Яков Саулович добросовестно заблуждался — равно как и Николай Михайлович.
Во-первых, оба высокомерно не различали шаманизм и ламаизм; во-вторых, тувинские шаманы были настолько крепко обижены первооткрывателем Азии, что их молитвами во младенце воплотился отнюдь не Будда, но владыка Царства мертвых Эрлик. И, наконец, Шамбала находилась никак не в Туве, а на своем обычном месте, в чем Якову Сауловичу, вполне вероятно, и предстоит убедиться в ближайшем будущем…

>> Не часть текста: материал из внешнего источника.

lemma segment_subset_far_region:
  assumes "\<epsilon> \<le> infdist w D" and "ball w \<rho> \<subseteq> \<Omega>" and "dist w w' < \<epsilon> / 2" and "dist w w' < \<rho>"
  shows "closed_segment w w' \<subseteq> far_region"
proof
  fix z assume "z \<in> closed_segment w w'"
  then have "dist w z \<le> dist w w'" using dist_in_closed_segment by (metis dist_commute)
  then have "z \<in> \<Omega>" using assms(2,4) by auto
  have "infdist w D \<le> infdist z D + dist w z" by (rule infdist_triangle)
  moreover have "\<epsilon> / (2 * (1 + L)) \<le> \<epsilon> / 2"
    using L_nonneg eps_pos by (intro divide_left_mono) auto
  ultimately have "\<epsilon> / (2 * (1 + L)) \<le> infdist z D"
    using assms(1,3) \<open>dist w z \<le> dist w w'\<close> by linarith
  then show "z \<in> far_region" using \<open>z \<in> \<Omega>\<close> by (simp add: far_region_def)
qed

lemma representatives_locally_path_component:
  assumes w: "w \<in> \<Omega> - closure D"
  shows "\<exists>e>0. \<forall>w'\<in>\<Omega> - closure D. dist w w' < e \<longrightarrow>
           (\<forall>a a'. representative w a \<longrightarrow> representative w' a' \<longrightarrow> path_component far_region a a')"
proof -
  obtain \<rho> where "0 < \<rho>" "ball w \<rho> \<subseteq> \<Omega>"
    using open_Omega w open_contains_ball by blast
  show ?thesis
  proof (intro exI[of _ "min (\<epsilon> / 2) \<rho>"] conjI ballI impI allI)
    show "0 < min (\<epsilon> / 2) \<rho>" using eps_pos \<open>0 < \<rho>\<close> by simp
    fix w' a a' assume w': "w' \<in> \<Omega> - closure D" and "dist w w' < min (\<epsilon> / 2) \<rho>"
      and "representative w a" "representative w' a'"
    then have "w \<notin> D" "w' \<notin> D" "dist w w' < \<epsilon> / 2" "dist w w' < \<rho>"
      using w closure_subset by auto
    from \<open>representative w a\<close> \<open>representative w' a'\<close> consider
        (pushed) p where "p \<in> frontier D" "dist w p < \<epsilon>"
      | (pushed') p where "p \<in> frontier D" "dist w' p < \<epsilon>"
      | (far) "\<epsilon> \<le> infdist w D" "a = w" "a' = w'"
      unfolding representative_def by blast
    then show "path_component far_region a a'"
    proof cases
      case pushed
      then show ?thesis
        using representatives_near_frontier_path_component \<open>w \<notin> D\<close> \<open>w' \<notin> D\<close> \<open>dist w w' < \<epsilon> / 2\<close>
          \<open>representative w a\<close> \<open>representative w' a'\<close> by blast
    next
      case pushed'
      then show ?thesis
        using representatives_near_frontier_path_component \<open>w \<notin> D\<close> \<open>w' \<notin> D\<close> \<open>dist w w' < \<epsilon> / 2\<close>
          \<open>representative w a\<close> \<open>representative w' a'\<close> path_component_sym by (metis dist_commute)
    next
      case far
      then show ?thesis
        using segment_subset_far_region[OF far(1) \<open>ball w \<rho> \<subseteq> \<Omega>\<close>] \<open>dist w w' < \<epsilon> / 2\<close>
          \<open>dist w w' < \<rho>\<close> path_component_linepath by blast
    qed
  qed
qed

lemma far_points_path_component:
  assumes "w \<in> \<Omega>" "\<epsilon> \<le> infdist w D" and "w' \<in> \<Omega>" "\<epsilon> \<le> infdist w' D"
  shows "path_component far_region w w'"
proof (rule connected_imp_path_component_representatives[OF connected_gap representative_exists representatives_locally_path_component])
  show "D \<noteq> {}" using assms(2) eps_pos by (auto simp: infdist_def)
  show "w \<in> \<Omega> - closure D" "w' \<in> \<Omega> - closure D"
    using assms eps_pos infdist_pos_not_in_closure by force+
  show "representative w w" "representative w' w'" using assms by (simp_all add: representative_def)
qed


lemma normal_segment:
  assumes P: "P \<in> frontier D" and "0 \<le> t" and "t \<le> (1 + L) * \<epsilon>"
  shows "t \<le> (1 + L) * infdist (P - t *\<^sub>R nu P) D" and "P - t *\<^sub>R nu P \<in> \<Omega>"
proof -
  note ch = chart_D[OF P]
  define z where "z = P - t *\<^sub>R nu P"
  have "norm (nu P) = 1" "Phi P P = 0" using ch by (auto simp: chart_def)
  have "dist P z = t" using \<open>norm (nu P) = 1\<close> \<open>0 \<le> t\<close> by (simp add: z_def dist_norm)
  have "0 \<le> (1 + L) * \<epsilon>" using L_nonneg eps_pos by simp
  then have "t + t \<le> (2 * L + 5) * \<epsilon>" using \<open>t \<le> (1 + L) * \<epsilon>\<close> eps_pos by (simp add: algebra_simps)
  then have "dist P z < r" "t \<le> r - dist P z"
    using \<open>dist P z = t\<close> below_radius_le below_radius_ge eps_pos by linarith+
  then have "z \<in> ball P r" by simp
  have "Phi P z = 0"
    using ch \<open>Phi P P = 0\<close> unfolding chart_def z_def by (metis add_uminus_conv_diff scaleR_minus_left)
  moreover have "(z - P) \<bullet> nu P = - t" using chart_unit[OF ch] by (simp add: z_def)
  ultimately have "(z - P) \<bullet> nu P + t \<le> Phi P z" by simp
  moreover have "D \<noteq> {}" using P by auto
  ultimately have "min (t / (1 + L)) (r - dist P z) \<le> infdist z D"
    using chart_le_infdist[OF ch L_nonneg \<open>z \<in> ball P r\<close>] by blast
  moreover have "t / (1 + L) \<le> t"
    using L_nonneg mult_nonneg_nonneg[OF \<open>0 \<le> t\<close> L_nonneg] by (simp add: divide_le_eq algebra_simps)
  ultimately have "t / (1 + L) \<le> infdist z D" using \<open>t \<le> r - dist P z\<close> by linarith
  then show "t \<le> (1 + L) * infdist (P - t *\<^sub>R nu P) D"
    using L_nonneg by (simp add: z_def pos_divide_le_eq mult.commute)
  have "dist P z < \<delta>"
    using \<open>dist P z = t\<close> \<open>t + t \<le> (2 * L + 5) * \<epsilon>\<close> \<open>0 \<le> t\<close> below_radius_lt_delta by linarith
  then show "P - t *\<^sub>R nu P \<in> \<Omega>"
    using near_D_in_Omega[of P z] P by (simp add: z_def frontier_def)
qed

lemma path_to_outer_frontier:
  assumes "w\<^sub>0 \<in> \<Omega>" and "\<epsilon> \<le> infdist w\<^sub>0 D"
  obtains h where "path h" "pathstart h = w\<^sub>0" "pathfinish h \<in> frontier \<Omega>"
    "\<And>t. 0 \<le> t \<Longrightarrow> t < 1 \<Longrightarrow> h t \<in> \<Omega>"
    "\<And>z. z \<in> path_image h \<Longrightarrow> \<epsilon> / (2 * (1 + L)) \<le> infdist z D"
proof -
  have "frontier \<Omega> \<noteq> {}" using assms(1) bounded_Omega frontier_eq_empty[of \<Omega>] by auto
  then obtain q where q: "q \<in> frontier \<Omega>" by blast
  then have "q \<notin> \<Omega>" using open_Omega by (simp add: frontier_def interior_open)
  have "D \<noteq> {}" using assms(2) eps_pos by (auto simp: infdist_def)
  have far: "\<epsilon> \<le> infdist z D" if "dist z q < \<delta> / 2" for z
  proof (rule le_infdistI[OF \<open>D \<noteq> {}\<close>])
    fix x assume "x \<in> D"
    then show "\<epsilon> \<le> dist z x"
      using dist_D_frontier[OF \<open>x \<in> D\<close> q] dist_triangle[of x q z] that eps_le_half_delta
      by (simp add: dist_commute)
  qed
  have "0 < \<delta> / 2" using eps_pos eps_le_half_delta by linarith
  moreover have "q \<in> closure \<Omega>" using q by (simp add: frontier_def)
  ultimately obtain w where "w \<in> \<Omega>" "dist w q < \<delta> / 2" unfolding closure_approachable by blast
  then obtain g where g: "path g" "path_image g \<subseteq> far_region" "pathstart g = w\<^sub>0" "pathfinish g = w"
    using far far_points_path_component[OF assms] unfolding path_component_def by blast
  obtain h where h: "path h" "pathstart h = w\<^sub>0" "pathfinish h \<in> frontier \<Omega>"
      "path_image h \<subseteq> path_image (g +++ linepath w q)" "\<And>t. 0 \<le> t \<Longrightarrow> t < 1 \<Longrightarrow> h t \<in> \<Omega>"
    using path_to_frontier_of_open[OF open_Omega, of "g +++ linepath w q"] g assms(1) \<open>q \<notin> \<Omega>\<close>
    by auto
  show thesis
  proof (rule that[OF h(1,2,3,5)])
    fix z assume "z \<in> path_image h"
    then consider "z \<in> path_image g" | "z \<in> closed_segment w q"
      using h(4) g(4) by (auto simp: path_image_join)
    then show "\<epsilon> / (2 * (1 + L)) \<le> infdist z D"
    proof cases
      case 1
      then show ?thesis using g(2) by (auto simp: far_region_def)
    next
      case 2
      then have "dist z q < \<delta> / 2"
        using dist_in_closed_segment \<open>dist w q < \<delta> / 2\<close> by (metis order.strict_trans1)
      moreover have "\<epsilon> / (2 * (1 + L)) \<le> \<epsilon>" using L_nonneg eps_pos by (simp add: divide_le_eq)
      ultimately show ?thesis using far by fastforce
    qed
  qed
qed

lemma normal_segment_in_gap:
  assumes "P \<in> frontier D" and "0 < t" and "t \<le> (1 + L) * \<epsilon>"
  shows "P - t *\<^sub>R nu P \<in> \<Omega> - closure D"
proof -
  have "0 < (1 + L) * infdist (P - t *\<^sub>R nu P) D"
    using normal_segment(1)[OF assms(1) _ assms(3)] \<open>0 < t\<close> by linarith
  then show ?thesis
    using normal_segment(2)[OF assms(1) _ assms(3)] \<open>0 < t\<close> L_nonneg infdist_pos_not_in_closure
    by (auto simp: zero_less_mult_iff)
qed

lemma diameter_factor_ge: "1 + L \<le> (1 + L) * (1 + 2 * diameter \<Omega> / \<epsilon>)"
  using diameter_ge_0[OF bounded_Omega] L_nonneg eps_pos by (simp add: algebra_simps)

lemma normal_segment_dist_le:
  assumes "P \<in> frontier D" and "0 \<le> t" and "t \<le> (1 + L) * \<epsilon>"
  shows "dist (P - t *\<^sub>R nu P) P \<le> (1 + L) * (1 + 2 * diameter \<Omega> / \<epsilon>) * infdist (P - t *\<^sub>R nu P) D"
proof -
  have "dist (P - t *\<^sub>R nu P) P = t"
    using chart_D[OF assms(1)] \<open>0 \<le> t\<close> by (simp add: chart_def dist_norm)
  also have "\<dots> \<le> (1 + L) * infdist (P - t *\<^sub>R nu P) D" by (rule normal_segment(1)[OF assms])
  also have "\<dots> \<le> (1 + L) * (1 + 2 * diameter \<Omega> / \<epsilon>) * infdist (P - t *\<^sub>R nu P) D"
    using diameter_factor_ge infdist_nonneg by (rule mult_right_mono)
  finally show ?thesis .
qed

lemma dist_le_if_far_from_D:
  assumes "z \<in> closure \<Omega>" and "P \<in> closure D" and far: "\<epsilon> / (2 * (1 + L)) \<le> infdist z D"
  shows "dist z P \<le> (1 + L) * (1 + 2 * diameter \<Omega> / \<epsilon>) * infdist z D"
proof -
  have "P \<in> closure \<Omega>" using assms(2) closure_D_subset closure_subset by blast
  then have "dist z P \<le> diameter \<Omega>"
    using diameter_bounded_bound[of "closure \<Omega>" z P] assms(1) bounded_Omega
    by (simp add: diameter_closure bounded_closure)
  also have "\<dots> = 2 * (1 + L) * diameter \<Omega> / \<epsilon> * (\<epsilon> / (2 * (1 + L)))"
    using L_nonneg eps_pos by (simp add: divide_simps)
  also have "\<dots> \<le> 2 * (1 + L) * diameter \<Omega> / \<epsilon> * infdist z D"
    using far diameter_ge_0[OF bounded_Omega] L_nonneg eps_pos by (intro mult_left_mono) auto
  also have "\<dots> \<le> (1 + L) * (1 + 2 * diameter \<Omega> / \<epsilon>) * infdist z D"
    using infdist_nonneg[of z D] L_nonneg by (intro mult_right_mono) (simp_all add: algebra_simps)
  finally show ?thesis .
qed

В полночь удары корабельного колокола оповестили нас о начале карнавала. От траура молчаливо отказались: пусть мертвые хоронят своих мертвецов. Я вынул из шкафа заранее взятый в костюмерной наряд Калиостро (представляю, как хохотал бы сеньор Бальзамо, увидев его!), переоделся, натянул перед зеркалом шелковую полумаску. Почему-то стало грустно.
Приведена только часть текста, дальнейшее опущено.